Word for word, reproduce every line of the data below.

○ ○ ○ ○

text \<open>Since the eigenvalues are ordered by absolute value, compare squares: \<open>\<lambda>\<^sub>i\<^sup>2\<close> and
  \<open>\<nu>\<^sub>i\<^sup>2\<close> are the \<open>i\<close>-th largest eigenvalues of \<open>M\<^sup>2\<close> and \<open>(M + H)\<^sup>2\<close>, with the same eigenvectors.
  With \<open>\<epsilon> = \<parallel>H\<parallel>\<close> and \<open>e = \<epsilon> (\<epsilon> + 2 \<bar>\<lambda>\<^sub>1\<bar>)\<close>, the quadratic forms \<open>\<parallel>(M + H) x\<parallel>\<^sup>2\<close> and
  \<open>\<parallel>M x\<parallel>\<^sup>2\<close> differ by at most \<open>e \<parallel>x\<parallel>\<^sup>2\<close>, so testing both with a vector orthogonal to
  \<open>u\<^sub>1, \<dots>, u\<^sub>i\<^sub>-\<^sub>1\<close> and \<open>v\<^sub>i\<^sub>+\<^sub>1, \<dots>, v\<^sub>n\<close> (Courant--Fischer) gives (i).
  For (ii), \<open>u\<^sub>i\<close> is an approximate eigenvector of \<open>(M + H)\<^sup>2\<close>: the residual
  \<open>(M + H)\<^sup>2 u\<^sub>i - \<lambda>\<^sub>i\<^sup>2 u\<^sub>i\<close> has norm at most \<open>e \<parallel>u\<^sub>i\<parallel>\<close>. Expanding \<open>u\<^sub>i\<close> in the eigenbasis
  \<open>v\<close>, the component of \<open>u\<^sub>i\<close> orthogonal to \<open>v\<^sub>i\<close>, of norm \<open>sin \<theta>\<^sub>i \<parallel>u\<^sub>i\<parallel>\<close>, is at most
  the residual divided by the gap \<open>\<Delta>\<^sub>i\<close> (Davis--Kahan).\<close>

section \<open>Orthogonal eigenbases of symmetric matrices\<close>

definition orthogonal_eigenbasis :: "real^'n^'n \<Rightarrow> (nat \<Rightarrow> real) \<Rightarrow> (nat \<Rightarrow> real^'n) \<Rightarrow> bool" where
  "orthogonal_eigenbasis A a u \<longleftrightarrow>
     (\<forall>j\<in>{1..CARD('n)}. u j \<noteq> 0 \<and> A *v u j = a j *s u j) \<and>
     (\<forall>i\<in>{1..CARD('n)}. \<forall>j\<in>{1..CARD('n)}. i \<noteq> j \<longrightarrow> u i \<bullet> u j = 0)"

○ ○ ○ ○

▸ **Result of the exercise**:
text \<open>Since the eigenvalues are ordered by absolute value, compare squares: \<open>\<lambda>\<^sub>i\<^sup>2\<close> and
  \<open>\<nu>\<^sub>i\<^sup>2\<close> are the \<open>i\<close>-th largest eigenvalues of \<open>M\<^sup>2\<close> and \<open>(M + H)\<^sup>2\<close>, with the same eigenvectors.
  With \<open>\<epsilon> = \<parallel>H\<parallel>\<close> and \<open>e = \<epsilon> (\<epsilon> + 2 \<bar>\<lambda>\<^sub>1\<bar>)\<close>, the quadratic forms \<open>\<parallel>(M + H) x\<parallel>\<^sup>2\<close> and
  \<open>\<parallel>M x\<parallel>\<^sup>2\<close> differ by at most \<open>e \<parallel>x\<parallel>\<^sup>2\<close>, so testing both with a vector orthogonal to
  \<open>u\<^sub>1, \<dots>, u\<^sub>i\<^sub>-\<^sub>1\<close> and \<open>v\<^sub>i\<^sub>+\<^sub>1, \<dots>, v\<^sub>n\<close> (Courant--Fischer) gives (i).
  For (ii), \<open>u\<^sub>i\<close> is an approximate eigenvector of \<open>(M + H)\<^sup>2\<close>: the residual
  \<open>(M + H)\<^sup>2 u\<^sub>i - \<lambda>\<^sub>i\<^sup>2 u\<^sub>i\<close> has norm at most \<open>e \<parallel>u\<^sub>i\<parallel>\<close>. Expanding \<open>u\<^sub>i\<close> in the eigenbasis
  \<open>v\<close>, the component of \<open>u\<^sub>i\<close> orthogonal to \<open>v\<^sub>i\<close>, of norm \<open>sin \<theta>\<^sub>i \<parallel>u\<^sub>i\<parallel>\<close>, is at most
  the residual divided by the gap \<open>\<Delta>\<^sub>i\<close> (Davis--Kahan).\<close>

section \<open>Orthogonal eigenbases of symmetric matrices\<close>

definition orthogonal_eigenbasis :: "real^'n^'n \<Rightarrow> (nat \<Rightarrow> real) \<Rightarrow> (nat \<Rightarrow> real^'n) \<Rightarrow> bool" where
  "orthogonal_eigenbasis A a u \<longleftrightarrow>
     (\<forall>j\<in>{1..CARD('n)}. u j \<noteq> 0 \<and> A *v u j = a j *s u j) \<and>
     (\<forall>i\<in>{1..CARD('n)}. \<forall>j\<in>{1..CARD('n)}. i \<noteq> j \<longrightarrow> u i \<bullet> u j = 0)"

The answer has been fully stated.